Kegiatan dibarengi dengan penandatanganan perjanjian kerjasama IGI Kabupaten Natuna dengan Dinas Pendidikan dan Kebudayaan Kabupaten Natuna serta Dinas Perpustakaan dan Kerasilan Daerah Natuna, yang dihadiri juga oleh Sekda Natuna, Boy Wijanarko dan Kepala OPD terkait.

Wan Siswandi mengatakan, di era digitalasisasi hendaknya para guru mengikuti dan memanfaatkan semaksimal mungkin produk digital untuk kemajuan dunia pendidikan khususnya di Natuna.
Bupati Natuna Wan Siswandi Dapat Pin Sebagai Anggota Kehormatan IGI
“Kabupaten Natuna kini juga tidak jauh ketinggalan dengan kota besar lainya di bidang layanan telekomunikasi) internet, sehingga tidak ada lagi jarak terasa dekat antara Natuna yang berada di ujung NKRI dengan daerah lainya oleh dahsyatnya produk digital ini. Saya sangat apresiasi dengan kegiatan ini, pada dasarnya pemerintah daerah mendukung kegiatan seperti ini, dengan harapan, IGI lebih bisa lagi berkarya dari sekarang,” ujar Bupati.
Hal senada juga diungkapkan oleh Ketua Umum IGI Danang Hidayatullah yang mengatakan bahwa dirinya tidak menyangka bakal hadir di Natuna yang dilengkapi dengan sarana dan prasarana internet yang memadai.

“Saya bahkan sangat kagum dan bangga dengan seluruh bakat dan pitensi anak daerah Natuna, dan berjanji akan membawa beberapa anak perwakilan dari Natuna untuk tampil di hadapan DPR RI pada saat Hari Guru Nasional 25 November mendatang. Mohon restunya ya Pak Bupati,” pinta Danang.
Sementara itu, Wakil Bupati Natuna Rodhial Huda berpesan kepada segenap guru yang tergabung dalam IGI agar tidak saling menjatuhkan dengan organ guru lainya.

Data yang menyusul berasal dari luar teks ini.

lemma exists_improving_edge_mod:
  fixes W :: "real^'n^'n"
  assumes rs: "row_stochastic W" and sc: "strongly_connected W" and card: "3 \<le> CARD('n)"
    and "t \<noteq> s" and \<beta>: "\<forall>i. i \<noteq> s \<and> i \<noteq> t \<longrightarrow> \<beta> $ i = 0" "0 < \<beta> $ s" "\<beta> $ s \<le> 1"
    and no_loop: "W $ s $ s = 0"
    and h: "fj_solution W \<beta> (\<chi> i. if i = s then \<beta> $ s else 0) h" and h_lt: "\<forall>i. h $ i < 1"
  shows "\<exists>a b d. a \<noteq> b \<and> b \<noteq> d \<and> a \<noteq> d \<and> 0 < W $ b $ d \<and> h $ d < h $ a"
proof (rule ccontr)
  assume "\<not> ?thesis"
  then have no_gain: "h $ a \<le> h $ d" if "a \<noteq> b" "b \<noteq> d" "a \<noteq> d" "0 < W $ b $ d" for a b d
    using that by (meson not_le)
  have h_eq: "h $ i = (1 - \<beta> $ i) * (W *v h) $ i + (if i = s then \<beta> $ s else 0)" for i
    using h unfolding fj_solution_def by simp
  have source_max: "h $ a < h $ s" if "a \<noteq> s" for a
  proof -
    have "h $ a \<le> (W *v h) $ s"
    proof (rule row_stochastic_mult_vec_ge[OF rs])
      fix k
      assume "0 < W $ s $ k"
      moreover from this have "k \<noteq> s" using no_loop by auto
      ultimately show "h $ a \<le> h $ k"
        using no_gain[of a s k] \<open>a \<noteq> s\<close> by (cases "k = a") auto
    qed
    then have "(1 - \<beta> $ s) * h $ a \<le> (1 - \<beta> $ s) * (W *v h) $ s"
      using \<beta>(3) by (simp add: mult_left_mono)
    moreover have "0 < \<beta> $ s * (1 - h $ a)" using \<beta>(2) h_lt by simp
    ultimately show ?thesis using h_eq[of s] by (simp add: algebra_simps)
  qed
  have "card {s, t} \<le> 2" by (simp add: card_insert_if)
  then have "{s, t} \<noteq> UNIV" using card by auto
  then obtain j where j: "j \<noteq> s" "j \<noteq> t" by blast
  have in_neighbours: "k = s \<or> k = j" if "0 < W $ j $ k" for k
    using no_gain[of s j k] source_max[of k] that j by fastforce
  have "(W *v h) $ j = h $ j" using h_eq[of j] \<beta>(1) j by simp
  moreover have "h $ j \<le> h $ k" if "0 < W $ j $ k" for k
    using in_neighbours[OF that] source_max[OF j(1)] by auto
  moreover obtain u where u: "u \<noteq> j" "0 < W $ j $ u"
    using strongly_connected_in_neighbour[OF sc j(1)] by blast
  ultimately have "h $ u = h $ j" using row_stochastic_mult_vec_eq[OF rs] by (metis order_refl)
  moreover have "u = s" using in_neighbours[OF u(2)] u(1) by simp
  ultimately show False using source_max[OF j(1)] by simp
qed
(* Let $K^-$ be the graph obtained from the complete graph $K_4$ on vertices $v_1,v_2,v_3,v_4$ by deleting the edge $v_1v_2$. Let $c$ be any $(4,1)$-coloring of $K^-$, and let $D_c(K^-)$ be the associated digraph. All differences of colors below are taken in $\mathbb{Z}_4$. (a) If $c(v_1)=c(v_2)$, then $D_c(K^-)$ is acyclic and has no directed path between $v_1$ and $v_2$ (in either direction). (b) If $c(v_1)-c(v_2)=1$, then $D_c(K^-)$ is acyclic and has a directed path from $v_1$ to $v_2$. (c) If $c(v_1)-c(v_2)=2$, then $D_c(K^-)$ contains a directed cycle.
   Context: For positive integers $p,q$, a $(p,q)$-coloring of a graph $G$ is a map $c:V(G)\to\{0,1,\dots,p-1\}$ such that for every edge $xy\in E(G)$ one has $q\le |c(x)-c(y)|\le p-q$. A $(4,1)$-coloring is thus an ordinary proper coloring with colors $\{0,1,2,3\}$. For a $(p,q)$-coloring $c$ of $G$, $D_c(G)$ is the digraph with vertex set $V(G)$ which, for each edge $xy$ of $G$, contains the arc $(x,y)$ whenever $c(y)-c(x)\equiv q \pmod p$. *)

theory Defs
  imports Main
begin

definition pq_coloring :: "nat \<Rightarrow> nat \<Rightarrow> 'a set \<Rightarrow> 'a set set \<Rightarrow> ('a \<Rightarrow> nat) \<Rightarrow> bool" where
  "pq_coloring p q V E c \<longleftrightarrow>
     (\<forall>v\<in>V. c v < p) \<and>
     (\<forall>x y. {x, y} \<in> E \<longrightarrow>
        int q \<le> \<bar>int (c x) - int (c y)\<bar> \<and> \<bar>int (c x) - int (c y)\<bar> \<le> int p - int q)"

definition Dc_arcs :: "nat \<Rightarrow> nat \<Rightarrow> 'a set set \<Rightarrow> ('a \<Rightarrow> nat) \<Rightarrow> ('a \<times> 'a) set" where
  "Dc_arcs p q E c = {(x, y). {x, y} \<in> E \<and> (int (c y) - int (c x)) mod int p = int q mod int p}"

definition Kminus_V :: "nat set" where
  "Kminus_V = {1, 2, 3, 4}"

definition Kminus_E :: "nat set set" where
  "Kminus_E = {{i, j} | i j. i \<in> Kminus_V \<and> j \<in> Kminus_V \<and> i \<noteq> j} - {{1, 2}}"

end

theory Submission
  imports Defs
begin

text \<open>In \<open>D\<^sub>c\<close> the colour increases by one (mod 4) along every arc. Counting colours
cyclically from a base colour \<open>b\<close>, the offset therefore increases strictly along every arc that
does not end at colour \<open>b\<close>, and acyclicity follows once no arc ends there. If
\<open>c(v\<^sub>1) = c(v\<^sub>2)\<close>, some colour \<open>b\<close> is unused and \<open>v\<^sub>1\<close>, \<open>v\<^sub>2\<close> have the same offset,
so neither reaches the other. If \<open>c(v\<^sub>1) - c(v\<^sub>2) = 1\<close>, take \<open>b = c(v\<^sub>1)\<close>: an arc ending
at \<open>v\<^sub>1\<close> would have to start at \<open>v\<^sub>2\<close>, which is not adjacent. In cases (b) and (c) the
vertices \<open>v\<^sub>3\<close>, \<open>v\<^sub>4\<close> carry the two remaining colours, which yields the path
\<open>v\<^sub>1 \<rightarrow> v \<rightarrow> v' \<rightarrow> v\<^sub>2\<close> and the cycle \<open>v\<^sub>2 \<rightarrow> v \<rightarrow> v\<^sub>1 \<rightarrow> v' \<rightarrow> v\<^sub>2\<close> respectively.\<close>

lemma trancl_less_if_less_on_arcs:
  fixes f :: "'a \<Rightarrow> 'b :: order"
  assumes "\<And>x y. (x, y) \<in> R \<Longrightarrow> f x < f y" and "(x, y) \<in> R\<^sup>+"
  shows "f x < f y"
  using assms(2) by induction (auto dest: assms(1) intro: less_trans)

lemma acyclic_if_less_on_arcs:
  fixes f :: "'a \<Rightarrow> 'b :: order"
  assumes "\<And>x y. (x, y) \<in> R \<Longrightarrow> f x < f y"
  shows "acyclic R"
  unfolding acyclic_def using trancl_less_if_less_on_arcs[of R f] assms by blast

lemma mod_diff_less_if_mod_diff_eq:
  fixes x y b p q :: int
  assumes step: "(y - x) mod p = q mod p" and "0 < q" and "q \<le> (y - b) mod p"
  shows "(x - b) mod p < (y - b) mod p"
proof (cases "p = 0")
  case True
  then show ?thesis using assms by simp
next
  case False
  then have "0 < p"
    using assms(2,3) neg_mod_sign[of p "y - b"] by linarith
  then have "q < p"
    using assms(3) pos_mod_bound[of p "y - b"] by linarith
  have "(x - b) mod p = ((y - b) mod p - (y - x) mod p) mod p"
    by (simp add: mod_diff_eq)
  also have "\<dots> = ((y - b) mod p - q) mod p"
    using step \<open>0 < q\<close> \<open>q < p\<close> by simp
  also have "\<dots> = (y - b) mod p - q"
    using assms(2,3) \<open>0 < p\<close> pos_mod_bound[of p "y - b"]
    by (intro mod_pos_pos_trivial) linarith+
  finally show ?thesis using assms(2) by simp
qed

lemma Dc_arcs_shifted_colour_less:
  assumes "(x, y) \<in> Dc_arcs p q E c" and "0 < q" and "int q \<le> (int (c y) - b) mod int p"
  shows "(int (c x) - b) mod int p < (int (c y) - b) mod int p"
  using assms unfolding Dc_arcs_def by (auto intro: mod_diff_less_if_mod_diff_eq)

lemma mod_diff_right_eq_iff:
  fixes a a' m n :: int
  shows "(a - m) mod n = (a' - m) mod n \<longleftrightarrow> a mod n = a' mod n"
  by (simp add: mod_eq_dvd_iff)

lemma pq_coloring_adjacent_neq:
  assumes "pq_coloring p q V E c" and "0 < q" and "{x, y} \<in> E"
  shows "c x \<noteq> c y"
  using assms unfolding pq_coloring_def by fastforce

lemma Kminus_E_iff:
  "{x, y} \<in> Kminus_E \<longleftrightarrow> x \<in> Kminus_V \<and> y \<in> Kminus_V \<and> x \<noteq> y \<and> {x, y} \<noteq> {1, 2}"
  unfolding Kminus_E_def by (auto simp: doubleton_eq_iff)

locale Kminus_coloring =
  fixes c :: "nat \<Rightarrow> nat"
  assumes coloring: "pq_coloring 4 1 Kminus_V Kminus_E c"
begin

abbreviation D :: "(nat \<times> nat) set" where
  "D \<equiv> Dc_arcs 4 1 Kminus_E c"

lemma colour_less: "v \<in> Kminus_V \<Longrightarrow> c v < 4"
  using coloring unfolding pq_coloring_def by simp

lemma colours_distinct: "c 1 \<noteq> c 3" "c 1 \<noteq> c 4" "c 2 \<noteq> c 3" "c 2 \<noteq> c 4" "c 3 \<noteq> c 4"
  by (rule pq_coloring_adjacent_neq[OF coloring];
      simp add: Kminus_E_iff Kminus_V_def doubleton_eq_iff)+

definition offset :: "nat \<Rightarrow> nat \<Rightarrow> int" where
  "offset b v = (int (c v) - int b) mod 4"

lemma offset_range: "offset b v \<in> {0, 1, 2, 3}"
proof -
  have "0 \<le> offset b v" "offset b v < 4"
    unfolding offset_def by simp_all
  then show ?thesis by auto
qed

lemma offset_eq_iff:
  assumes "v \<in> Kminus_V" "w \<in> Kminus_V"
  shows "offset b v = offset b w \<longleftrightarrow> c v = c w"
  using colour_less[OF assms(1)] colour_less[OF assms(2)]
  unfolding offset_def mod_diff_right_eq_iff by simp

lemma offset_eq_0_iff:
  assumes "v \<in> Kminus_V" "b < 4"
  shows "offset b v = 0 \<longleftrightarrow> c v = b"
proof -
  have "offset b v = 0 \<longleftrightarrow> (int (c v) - int b) mod 4 = (int b - int b) mod 4"
    unfolding offset_def by simp
  then show ?thesis
    using colour_less[OF assms(1)] assms(2) unfolding mod_diff_right_eq_iff by simp
qed

lemma arc_iff_offset:
  "(x, y) \<in> D \<longleftrightarrow> {x, y} \<in> Kminus_E \<and> (offset b y - offset b x) mod 4 = 1"
  unfolding Dc_arcs_def offset_def by (simp add: mod_diff_eq)

lemma offset_less_on_arcs:
  assumes "(x, y) \<in> D" "offset b y \<noteq> 0"
  shows "offset b x < offset b y"
  using Dc_arcs_shifted_colour_less[OF assms(1), of "int b"] assms(2) offset_range[of b y]
  unfolding offset_def by auto

lemma inner_vertex_offsets:
  "offset b 3 \<in> {0, 1, 2, 3} - {offset b 1, offset b 2}"
  "offset b 4 \<in> {0, 1, 2, 3} - {offset b 1, offset b 2}"
  "offset b 3 \<noteq> offset b 4"
  using offset_range colours_distinct by (simp_all add: offset_eq_iff Kminus_V_def)

lemma arc_in_V: "(x, y) \<in> D \<Longrightarrow> x \<in> Kminus_V \<and> y \<in> Kminus_V"
  unfolding arc_iff_offset[of _ _ 0] Kminus_E_iff by simp

lemma acyclic_and_no_path_if_equal_end_colours:
  assumes "c 1 = c 2"
  shows "acyclic D \<and> (1, 2) \<notin> D\<^sup>+ \<and> (2, 1) \<notin> D\<^sup>+"
proof -
  have "c ` Kminus_V = c ` {1, 3, 4}"
    using assms by (auto simp: Kminus_V_def)
  then have "card (c ` Kminus_V) < card {0..<4::nat}"
    using card_image_le[of "{1, 3, 4}" c] by simp
  moreover have "finite (c ` Kminus_V)"
    by (simp add: Kminus_V_def)
  ultimately have "\<not> {0..<4} \<subseteq> c ` Kminus_V"
    by (meson card_mono leD)
  then obtain m where "m < 4" and unused: "m \<notin> c ` Kminus_V"
    by (auto simp: subset_iff)
  have increasing: "offset m x < offset m y" if "(x, y) \<in> D" for x y
  proof (rule offset_less_on_arcs[OF that])
    have "y \<in> Kminus_V"
      using arc_in_V[OF that] by simp
    with unused have "c y \<noteq> m"
      by auto
    then show "offset m y \<noteq> 0"
      using offset_eq_0_iff[OF \<open>y \<in> Kminus_V\<close> \<open>m < 4\<close>] by simp
  qed
  have "offset m 1 = offset m 2"
    using assms unfolding offset_def by simp
  then have "(1, 2) \<notin> D\<^sup>+" "(2, 1) \<notin> D\<^sup>+"
    using trancl_less_if_less_on_arcs[where R = D and f = "offset m", OF increasing]
    by (metis less_irrefl)+
  with acyclic_if_less_on_arcs[where R = D and f = "offset m", OF increasing] show ?thesis
    by simp
qed

lemma acyclic_and_path_if_end_colours_differ_by_one:
  assumes "(int (c 1) - int (c 2)) mod 4 = 1"
  shows "acyclic D \<and> (1, 2) \<in> D\<^sup>+"
proof -
  let ?f = "offset (c 1)"
  have f1: "?f 1 = 0"
    unfolding offset_def by simp
  have f2: "?f 2 = 3"
  proof -
    have "?f 2 = (- ((int (c 1) - int (c 2)) mod 4)) mod 4"
      unfolding offset_def by (simp add: mod_minus_eq)
    then show ?thesis
      using assms by simp
  qed
  have inner: "?f 3 = 1 \<and> ?f 4 = 2 \<or> ?f 3 = 2 \<and> ?f 4 = 1"
    using inner_vertex_offsets[of "c 1"] f1 f2 by auto
  then obtain w w' where ww': "(w, w') = (3, 4) \<or> (w, w') = (4, 3)" "?f w = 1" "?f w' = 2"
    by auto
  have "(1, w) \<in> D" "(w, w') \<in> D" "(w', 2) \<in> D"
    unfolding arc_iff_offset[of _ _ "c 1"] using ww' f1 f2
    by (auto simp: Kminus_E_iff Kminus_V_def)
  then have "(1, 2) \<in> D\<^sup>+"
    by (meson trancl.simps)
  moreover have "?f x < ?f y" if "(x, y) \<in> D" for x y
  proof (rule offset_less_on_arcs[OF that])
    show "?f y \<noteq> 0"
    proof
      assume "?f y = 0"
      then have "y = 1"
        using f1 f2 inner_vertex_offsets[of "c 1"] arc_in_V[OF that] by (auto simp: Kminus_V_def)
      then have "x = 3 \<or> x = 4" "(?f y - ?f x) mod 4 = 1"
        using that unfolding arc_iff_offset[of _ _ "c 1"] by (auto simp: Kminus_E_iff Kminus_V_def)
      then show False
        using \<open>?f y = 0\<close> inner by auto
    qed
  qed
  then have "acyclic D"
    by (rule acyclic_if_less_on_arcs)
  ultimately show ?thesis
    by simp
qed

lemma not_acyclic_if_end_colours_differ_by_two:
  assumes "(int (c 1) - int (c 2)) mod 4 = 2"
  shows "\<not> acyclic D"
proof -
  let ?f = "offset (c 2)"
  have f1: "?f 1 = 2" and f2: "?f 2 = 0"
    using assms unfolding offset_def by simp_all
  have "?f 3 = 1 \<and> ?f 4 = 3 \<or> ?f 3 = 3 \<and> ?f 4 = 1"
    using inner_vertex_offsets[of "c 2"] f1 f2 by auto
  then obtain w w' where ww': "(w, w') = (3, 4) \<or> (w, w') = (4, 3)" "?f w = 1" "?f w' = 3"
    by auto
  have "(2, w) \<in> D" "(w, 1) \<in> D" "(1, w') \<in> D" "(w', 2) \<in> D"
    unfolding arc_iff_offset[of _ _ "c 2"] using ww' f1 f2
    by (auto simp: Kminus_E_iff Kminus_V_def)
  then have "(2, 2) \<in> D\<^sup>+"
    by (meson trancl.simps)
  then show ?thesis
    unfolding acyclic_def by blast
qed

end

theorem lemma1:
  fixes c :: "nat \<Rightarrow> nat"
  assumes "pq_coloring 4 1 Kminus_V Kminus_E c"
  shows "(c 1 = c 2 \<longrightarrow>
            acyclic (Dc_arcs 4 1 Kminus_E c) \<and>
            (1, 2) \<notin> (Dc_arcs 4 1 Kminus_E c)\<^sup>+ \<and> (2, 1) \<notin> (Dc_arcs 4 1 Kminus_E c)\<^sup>+)
       \<and> ((int (c 1) - int (c 2)) mod 4 = 1 \<longrightarrow>
            acyclic (Dc_arcs 4 1 Kminus_E c) \<and> (1, 2) \<in> (Dc_arcs 4 1 Kminus_E c)\<^sup>+)
       \<and> ((int (c 1) - int (c 2)) mod 4 = 2 \<longrightarrow>
            \<not> acyclic (Dc_arcs 4 1 Kminus_E c))"
proof -
  interpret Kminus_coloring c
    using assms by unfold_locales
  show ?thesis
    using acyclic_and_no_path_if_equal_end_colours
      acyclic_and_path_if_end_colours_differ_by_one
      not_acyclic_if_end_colours_differ_by_two
    by blast
qed

end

Bahkan dirinya meminta agar sesama organisasi harus saling koordinasi satu dengan yang lainya demi kemajuan pendidikan di Natuna.
“Saling adu inovasi, saling adu dalam berkreasi dengan satu tujuan untuk kemajuan pendidikan anak-anak kita,” tegas Rodhial.
Dirinya juga meminta kepada seluruh guru, agar terus mengajarkan anak didik dengan budaya antri untuk melatih diri agar tidak menyerobot hak orang lain serta terus memberi contoh kepada murid agar tetap menjunjung tinggi kesopanan. (kalit).